Content starts

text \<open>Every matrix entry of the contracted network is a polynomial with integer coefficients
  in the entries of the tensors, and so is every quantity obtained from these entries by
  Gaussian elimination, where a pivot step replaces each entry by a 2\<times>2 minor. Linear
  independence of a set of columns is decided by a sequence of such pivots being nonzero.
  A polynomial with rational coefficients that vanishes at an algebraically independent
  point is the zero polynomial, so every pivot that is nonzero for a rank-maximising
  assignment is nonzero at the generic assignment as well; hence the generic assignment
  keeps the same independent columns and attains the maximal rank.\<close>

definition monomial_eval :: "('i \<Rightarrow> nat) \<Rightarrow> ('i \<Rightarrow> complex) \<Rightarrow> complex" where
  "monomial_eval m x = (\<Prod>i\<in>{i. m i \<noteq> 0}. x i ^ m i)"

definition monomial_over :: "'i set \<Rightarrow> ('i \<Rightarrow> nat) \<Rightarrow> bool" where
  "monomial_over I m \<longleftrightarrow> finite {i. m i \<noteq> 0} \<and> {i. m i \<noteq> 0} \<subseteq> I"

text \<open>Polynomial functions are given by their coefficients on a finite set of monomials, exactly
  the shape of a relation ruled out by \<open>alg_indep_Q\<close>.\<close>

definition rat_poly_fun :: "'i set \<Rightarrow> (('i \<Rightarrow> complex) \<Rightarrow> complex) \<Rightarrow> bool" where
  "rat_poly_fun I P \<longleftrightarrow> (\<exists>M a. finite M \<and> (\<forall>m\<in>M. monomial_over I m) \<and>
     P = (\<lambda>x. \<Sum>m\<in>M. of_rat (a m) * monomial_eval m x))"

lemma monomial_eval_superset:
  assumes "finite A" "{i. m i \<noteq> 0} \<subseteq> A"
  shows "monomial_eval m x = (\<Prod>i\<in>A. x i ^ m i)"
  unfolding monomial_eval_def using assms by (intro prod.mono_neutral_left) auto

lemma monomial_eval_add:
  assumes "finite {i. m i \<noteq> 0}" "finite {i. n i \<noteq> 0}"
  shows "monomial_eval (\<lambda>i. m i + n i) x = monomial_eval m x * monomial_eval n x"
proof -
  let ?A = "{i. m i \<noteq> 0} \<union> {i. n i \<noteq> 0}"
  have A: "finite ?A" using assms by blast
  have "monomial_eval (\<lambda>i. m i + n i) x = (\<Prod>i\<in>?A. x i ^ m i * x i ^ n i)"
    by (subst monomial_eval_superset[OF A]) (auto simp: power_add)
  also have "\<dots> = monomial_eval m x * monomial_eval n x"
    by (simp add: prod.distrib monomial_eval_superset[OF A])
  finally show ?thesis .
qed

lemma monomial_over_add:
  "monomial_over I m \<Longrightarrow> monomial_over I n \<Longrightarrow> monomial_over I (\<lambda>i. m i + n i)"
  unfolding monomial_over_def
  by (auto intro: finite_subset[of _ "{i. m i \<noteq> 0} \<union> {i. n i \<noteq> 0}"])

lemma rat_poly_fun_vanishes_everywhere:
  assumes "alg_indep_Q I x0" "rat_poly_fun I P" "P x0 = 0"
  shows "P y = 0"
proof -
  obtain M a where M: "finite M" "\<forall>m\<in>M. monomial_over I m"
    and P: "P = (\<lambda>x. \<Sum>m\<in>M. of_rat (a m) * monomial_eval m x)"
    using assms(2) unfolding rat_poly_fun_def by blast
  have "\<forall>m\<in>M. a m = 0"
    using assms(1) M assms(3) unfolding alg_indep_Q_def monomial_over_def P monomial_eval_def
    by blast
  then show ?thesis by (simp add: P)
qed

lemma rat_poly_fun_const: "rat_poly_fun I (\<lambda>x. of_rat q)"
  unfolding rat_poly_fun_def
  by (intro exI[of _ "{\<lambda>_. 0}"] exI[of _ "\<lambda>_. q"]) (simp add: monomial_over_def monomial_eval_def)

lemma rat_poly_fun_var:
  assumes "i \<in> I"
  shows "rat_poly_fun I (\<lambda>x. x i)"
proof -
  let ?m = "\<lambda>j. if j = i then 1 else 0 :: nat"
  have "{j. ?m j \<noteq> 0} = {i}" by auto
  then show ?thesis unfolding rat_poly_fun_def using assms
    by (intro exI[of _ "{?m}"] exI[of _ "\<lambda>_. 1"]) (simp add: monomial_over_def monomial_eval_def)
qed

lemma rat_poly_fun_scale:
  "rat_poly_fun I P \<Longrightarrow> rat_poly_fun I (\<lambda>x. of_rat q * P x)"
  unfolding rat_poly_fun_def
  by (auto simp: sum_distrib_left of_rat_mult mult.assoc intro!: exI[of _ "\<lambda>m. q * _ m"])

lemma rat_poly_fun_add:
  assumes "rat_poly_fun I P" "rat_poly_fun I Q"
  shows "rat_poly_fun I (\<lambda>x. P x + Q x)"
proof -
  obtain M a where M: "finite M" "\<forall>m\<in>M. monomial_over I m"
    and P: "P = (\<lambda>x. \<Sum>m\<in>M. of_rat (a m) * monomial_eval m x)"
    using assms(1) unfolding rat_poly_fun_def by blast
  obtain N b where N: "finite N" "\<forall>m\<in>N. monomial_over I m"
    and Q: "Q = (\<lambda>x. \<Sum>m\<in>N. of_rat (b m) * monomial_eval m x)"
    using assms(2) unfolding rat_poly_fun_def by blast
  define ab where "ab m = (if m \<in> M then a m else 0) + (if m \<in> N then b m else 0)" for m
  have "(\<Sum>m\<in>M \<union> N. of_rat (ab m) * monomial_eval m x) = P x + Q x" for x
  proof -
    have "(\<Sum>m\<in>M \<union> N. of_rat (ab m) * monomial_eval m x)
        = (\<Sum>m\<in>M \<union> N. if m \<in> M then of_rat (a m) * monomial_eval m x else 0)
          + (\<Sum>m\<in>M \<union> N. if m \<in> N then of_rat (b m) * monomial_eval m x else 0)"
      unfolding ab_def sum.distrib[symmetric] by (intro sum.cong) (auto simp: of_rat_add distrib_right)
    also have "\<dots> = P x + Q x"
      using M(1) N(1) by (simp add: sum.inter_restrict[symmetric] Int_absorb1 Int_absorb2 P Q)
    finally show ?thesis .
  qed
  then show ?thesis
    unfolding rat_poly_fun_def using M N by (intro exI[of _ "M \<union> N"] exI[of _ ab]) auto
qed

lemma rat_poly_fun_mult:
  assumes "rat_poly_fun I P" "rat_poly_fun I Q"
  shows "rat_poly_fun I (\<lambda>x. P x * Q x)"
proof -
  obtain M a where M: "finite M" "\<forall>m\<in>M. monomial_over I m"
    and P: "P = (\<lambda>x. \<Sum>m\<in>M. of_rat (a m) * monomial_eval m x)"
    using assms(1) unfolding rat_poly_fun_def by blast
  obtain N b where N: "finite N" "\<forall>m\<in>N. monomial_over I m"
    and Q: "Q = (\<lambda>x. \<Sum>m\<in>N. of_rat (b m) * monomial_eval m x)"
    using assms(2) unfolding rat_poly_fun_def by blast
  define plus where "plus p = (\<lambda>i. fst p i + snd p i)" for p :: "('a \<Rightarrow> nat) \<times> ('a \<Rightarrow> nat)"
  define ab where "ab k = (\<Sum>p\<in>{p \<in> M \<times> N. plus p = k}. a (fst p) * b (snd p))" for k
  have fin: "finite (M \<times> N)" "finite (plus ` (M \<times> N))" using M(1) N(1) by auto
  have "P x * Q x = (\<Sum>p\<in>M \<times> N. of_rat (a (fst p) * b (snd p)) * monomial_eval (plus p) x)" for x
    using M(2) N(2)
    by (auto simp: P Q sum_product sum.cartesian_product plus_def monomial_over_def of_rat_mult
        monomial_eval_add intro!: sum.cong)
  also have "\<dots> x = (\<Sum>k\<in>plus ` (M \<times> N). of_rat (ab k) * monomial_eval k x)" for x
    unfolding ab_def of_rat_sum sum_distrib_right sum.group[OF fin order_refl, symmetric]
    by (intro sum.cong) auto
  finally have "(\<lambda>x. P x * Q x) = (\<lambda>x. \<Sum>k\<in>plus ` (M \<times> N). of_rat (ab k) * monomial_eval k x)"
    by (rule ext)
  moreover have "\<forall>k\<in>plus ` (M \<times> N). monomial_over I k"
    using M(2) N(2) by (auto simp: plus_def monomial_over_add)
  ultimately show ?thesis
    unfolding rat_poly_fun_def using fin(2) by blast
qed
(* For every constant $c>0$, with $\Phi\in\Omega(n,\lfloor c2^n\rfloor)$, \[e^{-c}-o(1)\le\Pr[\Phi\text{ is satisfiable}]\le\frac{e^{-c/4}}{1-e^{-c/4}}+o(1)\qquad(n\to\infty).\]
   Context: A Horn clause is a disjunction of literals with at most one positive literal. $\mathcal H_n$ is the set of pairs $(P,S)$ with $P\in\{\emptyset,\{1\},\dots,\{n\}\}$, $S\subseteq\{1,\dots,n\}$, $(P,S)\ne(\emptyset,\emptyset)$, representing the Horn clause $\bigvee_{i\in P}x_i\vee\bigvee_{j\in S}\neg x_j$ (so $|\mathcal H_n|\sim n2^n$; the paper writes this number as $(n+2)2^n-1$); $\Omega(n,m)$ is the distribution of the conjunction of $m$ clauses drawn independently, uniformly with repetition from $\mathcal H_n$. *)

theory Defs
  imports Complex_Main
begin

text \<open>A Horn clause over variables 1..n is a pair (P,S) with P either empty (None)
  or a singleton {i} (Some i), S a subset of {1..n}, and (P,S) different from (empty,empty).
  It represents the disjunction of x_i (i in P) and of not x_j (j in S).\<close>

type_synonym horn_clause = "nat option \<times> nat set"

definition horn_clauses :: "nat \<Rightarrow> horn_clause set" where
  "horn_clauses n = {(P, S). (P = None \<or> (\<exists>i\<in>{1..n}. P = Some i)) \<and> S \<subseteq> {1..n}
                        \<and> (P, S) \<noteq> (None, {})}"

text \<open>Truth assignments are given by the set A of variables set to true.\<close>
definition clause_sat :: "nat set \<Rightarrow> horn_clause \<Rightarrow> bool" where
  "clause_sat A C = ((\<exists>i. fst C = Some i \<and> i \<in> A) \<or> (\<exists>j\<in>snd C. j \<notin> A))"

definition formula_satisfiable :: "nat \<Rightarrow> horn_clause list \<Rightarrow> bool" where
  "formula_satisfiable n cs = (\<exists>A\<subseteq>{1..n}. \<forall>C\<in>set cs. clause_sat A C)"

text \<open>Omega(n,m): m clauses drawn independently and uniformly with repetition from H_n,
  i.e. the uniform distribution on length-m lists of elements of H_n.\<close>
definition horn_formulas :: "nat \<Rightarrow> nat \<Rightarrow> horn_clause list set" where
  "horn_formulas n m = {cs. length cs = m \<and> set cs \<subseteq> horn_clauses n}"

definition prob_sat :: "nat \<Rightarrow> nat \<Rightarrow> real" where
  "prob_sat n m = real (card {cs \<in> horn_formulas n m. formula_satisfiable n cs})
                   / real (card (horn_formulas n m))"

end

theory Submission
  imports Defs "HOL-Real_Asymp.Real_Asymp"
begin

Content ends

Each line holding "bool" in the records should be copied out.

definition monomial_over :: "'i set \<Rightarrow> ('i \<Rightarrow> nat) \<Rightarrow> bool" where
definition rat_poly_fun :: "'i set \<Rightarrow> (('i \<Rightarrow> complex) \<Rightarrow> complex) \<Rightarrow> bool" where
definition clause_sat :: "nat set \<Rightarrow> horn_clause \<Rightarrow> bool" where
definition formula_satisfiable :: "nat \<Rightarrow> horn_clause list \<Rightarrow> bool" where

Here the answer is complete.